За моей спиной стоял Ловчий. Он всегда появлялся совершенно бесшумно и точно вовремя.
— Не стоит вмешиваться, — проронил он, насмешливо глядя на меня. — А для того, чтобы опробовать свои силы, лучше поищи другой объект. Разгоряченный погоней семидесятилетний амбал тебе еще не по зубам.
— Мне нужно сказать тебе «спасибо»? — поинтересовалась я. — Ты всегда будешь заботиться обо мне?
— Нет. — Ловчий равнодушно пожал плечами. — Только до тех пор, пока ты нужна моей Королеве.
Откровенно, не правда ли?! И весьма лестно.
Меня бесило выражение спокойного самодовольства на лице Ловчего. Он, уверенный и крутой, свысока смотрит на прыгающую перед ним пигалицу. Ну что же, раз так вышло, почему бы не опробовать свои способности на нем? Роль гоняемого по коридорам новобранца не для меня, мне нужно во что бы то ни стало вызвать к себе уважение. А поэтому я сосредоточилась, сжимаясь, словно пружина, и ударила… вернее, я должна была ударить Ловчего в грудь, но он каким‑то невероятным, почти дьявольским, образом смог уклониться, прокатившись по полу. И в следующую секунду я оказалась накрепко прижата к его груди.

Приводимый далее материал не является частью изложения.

(* Let $H,A$ be as in the context and let $c\in H$ be a non-trivial central element. For $a\in A$ put $x_a=\langle a,c_{(1)}\rangle c_{(2)}-\langle a,c\rangle 1\in\ker\epsilon\subset H$. Then both $\widetilde{L_c}={\rm span}\{x_a\mid a\in A\}$ and $L_c={\rm span}\{x_a\mid a\in\ker\epsilon\subset A\}$ are stable under the quantum double action $h\triangleright x=h_{(1)}xSh_{(2)}$, $a\triangleright x=\langle a,x_{(1)}\rangle x_{(2)}-\langle a,x\rangle1$. Moreover, for $a,b\in A$ (with $a\in\ker\epsilon$ for elements of $L_c$), writing $\partial_x(b)=\langle x,b_{(1)}\rangle b_{(2)}$, $\Psi^{-1}(b\otimes x)=b_{(1)}\triangleright x\otimes b_{(2)}$, $[x,y]=x_{(1)}ySx_{(2)}$ and $\Psi(x\otimes y)=[x_{(1)},y]\otimes x_{(2)}-[x,y]\otimes1$: \[\partial_{x_a}(b)=\langle ab_{(1)},c\rangle b_{(2)}-\langle a,c\rangle b,\qquad \Psi^{-1}(b\otimes x_a)=x_{ab_{(1)}}\otimes b_{(2)},\] \[[x_a,x_b]=x_{b_{(2)}}\langle a(Sb_{(1)})b_{(3)},c\rangle-x_b\langle a,c\rangle,\qquad \Psi(x_a\otimes x_b)=x_{b_{(2)}}\otimes x_{a(Sb_{(1)})b_{(3)}}.\]
   Context: $H,A$ are Hopf algebras over $\mathbb{C}$ with invertible antipodes, non-degenerately paired by a Hopf pairing $\langle\ ,\ \rangle$ ($\langle hg,a\rangle=\langle h,a_{(1)}\rangle\langle g,a_{(2)}\rangle$, $\langle h,ab\rangle=\langle h_{(1)},a\rangle\langle h_{(2)},b\rangle$, compatible with units, counits, antipodes); Sweedler notation. $[h,y]:=h_{(1)}ySh_{(2)}$ for $h\in H$. *)

theory Defs
  imports Complex_Main
begin

text \<open>Complex vector spaces are modelled as types of class ring_1 together with an
explicit scalar multiplication s (required to satisfy the vector_space locale).
An element of a tensor product V (x) W is represented by a finite list of pairs
(a formal sum of elementary tensors).  Two such lists denote the same tensor iff
they agree under all pairs of linear functionals (standard characterisation of
equality in V (x) W over a field).\<close>

definition teq :: "(complex \<Rightarrow> 'v::ab_group_add \<Rightarrow> 'v) \<Rightarrow> (complex \<Rightarrow> 'w::ab_group_add \<Rightarrow> 'w)
   \<Rightarrow> ('v \<times> 'w) list \<Rightarrow> ('v \<times> 'w) list \<Rightarrow> bool" where
  "teq sV sW xs ys \<longleftrightarrow>
     (\<forall>f g. Vector_Spaces.linear sV (*) f \<longrightarrow> Vector_Spaces.linear sW (*) g \<longrightarrow>
        sum_list (map (\<lambda>(x, y). f x * g y) xs) = sum_list (map (\<lambda>(x, y). f x * g y) ys))"

definition teq3 :: "(complex \<Rightarrow> 'u::ab_group_add \<Rightarrow> 'u) \<Rightarrow> (complex \<Rightarrow> 'v::ab_group_add \<Rightarrow> 'v)
   \<Rightarrow> (complex \<Rightarrow> 'w::ab_group_add \<Rightarrow> 'w)
   \<Rightarrow> ('u \<times> 'v \<times> 'w) list \<Rightarrow> ('u \<times> 'v \<times> 'w) list \<Rightarrow> bool" where
  "teq3 sU sV sW xs ys \<longleftrightarrow>
     (\<forall>f g k. Vector_Spaces.linear sU (*) f \<longrightarrow> Vector_Spaces.linear sV (*) g \<longrightarrow>
        Vector_Spaces.linear sW (*) k \<longrightarrow>
        sum_list (map (\<lambda>(x, y, z). f x * g y * k z) xs) =
        sum_list (map (\<lambda>(x, y, z). f x * g y * k z) ys))"

definition cop2 :: "('h \<Rightarrow> ('h \<times> 'h) list) \<Rightarrow> 'h \<Rightarrow> ('h \<times> 'h \<times> 'h) list" where
  "cop2 \<Delta> x = concat (map (\<lambda>(u, v). map (\<lambda>(v1, v2). (u, v1, v2)) (\<Delta> v)) (\<Delta> x))"

definition cop2' :: "('h \<Rightarrow> ('h \<times> 'h) list) \<Rightarrow> 'h \<Rightarrow> ('h \<times> 'h \<times> 'h) list" where
  "cop2' \<Delta> x = concat (map (\<lambda>(u, v). map (\<lambda>(u1, u2). (u1, u2, v)) (\<Delta> u)) (\<Delta> x))"

definition hopf_algebra :: "(complex \<Rightarrow> 'h::ring_1 \<Rightarrow> 'h) \<Rightarrow> ('h \<Rightarrow> ('h \<times> 'h) list)
   \<Rightarrow> ('h \<Rightarrow> complex) \<Rightarrow> ('h \<Rightarrow> 'h) \<Rightarrow> bool" where
  "hopf_algebra s \<Delta> \<epsilon> S \<longleftrightarrow>
     vector_space s \<and>
     (\<forall>c x y. s c (x * y) = s c x * y \<and> s c (x * y) = x * s c y) \<and>
     (\<forall>x y. teq s s (\<Delta> (x + y)) (\<Delta> x @ \<Delta> y)) \<and>
     (\<forall>c x. teq s s (\<Delta> (s c x)) (map (\<lambda>(u, v). (s c u, v)) (\<Delta> x))) \<and>
     (\<forall>x. teq3 s s s (cop2' \<Delta> x) (cop2 \<Delta> x)) \<and>
     Vector_Spaces.linear s (*) \<epsilon> \<and>
     (\<forall>x. sum_list (map (\<lambda>(u, v). s (\<epsilon> u) v) (\<Delta> x)) = x) \<and>
     (\<forall>x. sum_list (map (\<lambda>(u, v). s (\<epsilon> v) u) (\<Delta> x)) = x) \<and>
     (\<forall>x y. teq s s (\<Delta> (x * y))
        (concat (map (\<lambda>(u, v). map (\<lambda>(u', v'). (u * u', v * v')) (\<Delta> y)) (\<Delta> x)))) \<and>
     teq s s (\<Delta> 1) [(1, 1)] \<and>
     (\<forall>x y. \<epsilon> (x * y) = \<epsilon> x * \<epsilon> y) \<and> \<epsilon> 1 = 1 \<and>
     Vector_Spaces.linear s s S \<and>
     (\<forall>x. sum_list (map (\<lambda>(u, v). S u * v) (\<Delta> x)) = s (\<epsilon> x) 1) \<and>
     (\<forall>x. sum_list (map (\<lambda>(u, v). u * S v) (\<Delta> x)) = s (\<epsilon> x) 1) \<and>
     bij S"

definition hopf_pairing :: "(complex \<Rightarrow> 'h::ring_1 \<Rightarrow> 'h) \<Rightarrow> ('h \<Rightarrow> ('h \<times> 'h) list)
   \<Rightarrow> ('h \<Rightarrow> complex) \<Rightarrow> ('h \<Rightarrow> 'h)
   \<Rightarrow> (complex \<Rightarrow> 'a::ring_1 \<Rightarrow> 'a) \<Rightarrow> ('a \<Rightarrow> ('a \<times> 'a) list)
   \<Rightarrow> ('a \<Rightarrow> complex) \<Rightarrow> ('a \<Rightarrow> 'a) \<Rightarrow> ('h \<Rightarrow> 'a \<Rightarrow> complex) \<Rightarrow> bool" where
  "hopf_pairing sH \<Delta>H \<epsilon>H SH sA \<Delta>A \<epsilon>A SA pr \<longleftrightarrow>
     hopf_algebra sH \<Delta>H \<epsilon>H SH \<and> hopf_algebra sA \<Delta>A \<epsilon>A SA \<and>
     (\<forall>a. Vector_Spaces.linear sH (*) (\<lambda>h. pr h a)) \<and>
     (\<forall>h. Vector_Spaces.linear sA (*) (\<lambda>a. pr h a)) \<and>
     (\<forall>h g a. pr (h * g) a = sum_list (map (\<lambda>(a1, a2). pr h a1 * pr g a2) (\<Delta>A a))) \<and>
     (\<forall>h a b. pr h (a * b) = sum_list (map (\<lambda>(h1, h2). pr h1 a * pr h2 b) (\<Delta>H h))) \<and>
     (\<forall>a. pr 1 a = \<epsilon>A a) \<and> (\<forall>h. pr h 1 = \<epsilon>H h) \<and>
     (\<forall>h a. pr (SH h) a = pr h (SA a)) \<and>
     (\<forall>h. (\<forall>a. pr h a = 0) \<longrightarrow> h = 0) \<and>
     (\<forall>a. (\<forall>h. pr h a = 0) \<longrightarrow> a = 0)"

definition xel :: "(complex \<Rightarrow> 'h::ring_1 \<Rightarrow> 'h) \<Rightarrow> ('h \<Rightarrow> ('h \<times> 'h) list)
   \<Rightarrow> ('h \<Rightarrow> 'a \<Rightarrow> complex) \<Rightarrow> 'h \<Rightarrow> 'a \<Rightarrow> 'h" where
  "xel sH \<Delta>H pr c a = sum_list (map (\<lambda>(c1, c2). sH (pr c1 a) c2) (\<Delta>H c)) - sH (pr c a) 1"

text \<open>Quantum double action: h |> x = h1 x S h2 (this is also [h,x]),
  a |> x = <a,x1> x2 - <a,x> 1.\<close>
definition actH :: "('h::ring_1 \<Rightarrow> ('h \<times> 'h) list) \<Rightarrow> ('h \<Rightarrow> 'h) \<Rightarrow> 'h \<Rightarrow> 'h \<Rightarrow> 'h" where
  "actH \<Delta>H SH h x = sum_list (map (\<lambda>(h1, h2). h1 * x * SH h2) (\<Delta>H h))"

Волчьи глаза, нагло усмехаясь, смотрели прямо в мои.
— А я тебе тем более не по зубам, — произнес он.
Я отчаянно собирала все силы, чтобы вложить их в попытку вырваться… В совершенно безрезультатную попытку. Он оказался сильнее, и даже мои особые способности, на которые я возлагала столь великие надежды, не помогли!
— Как ты это делаешь? — спросила я, перестав трепыхаться в его сильных руках.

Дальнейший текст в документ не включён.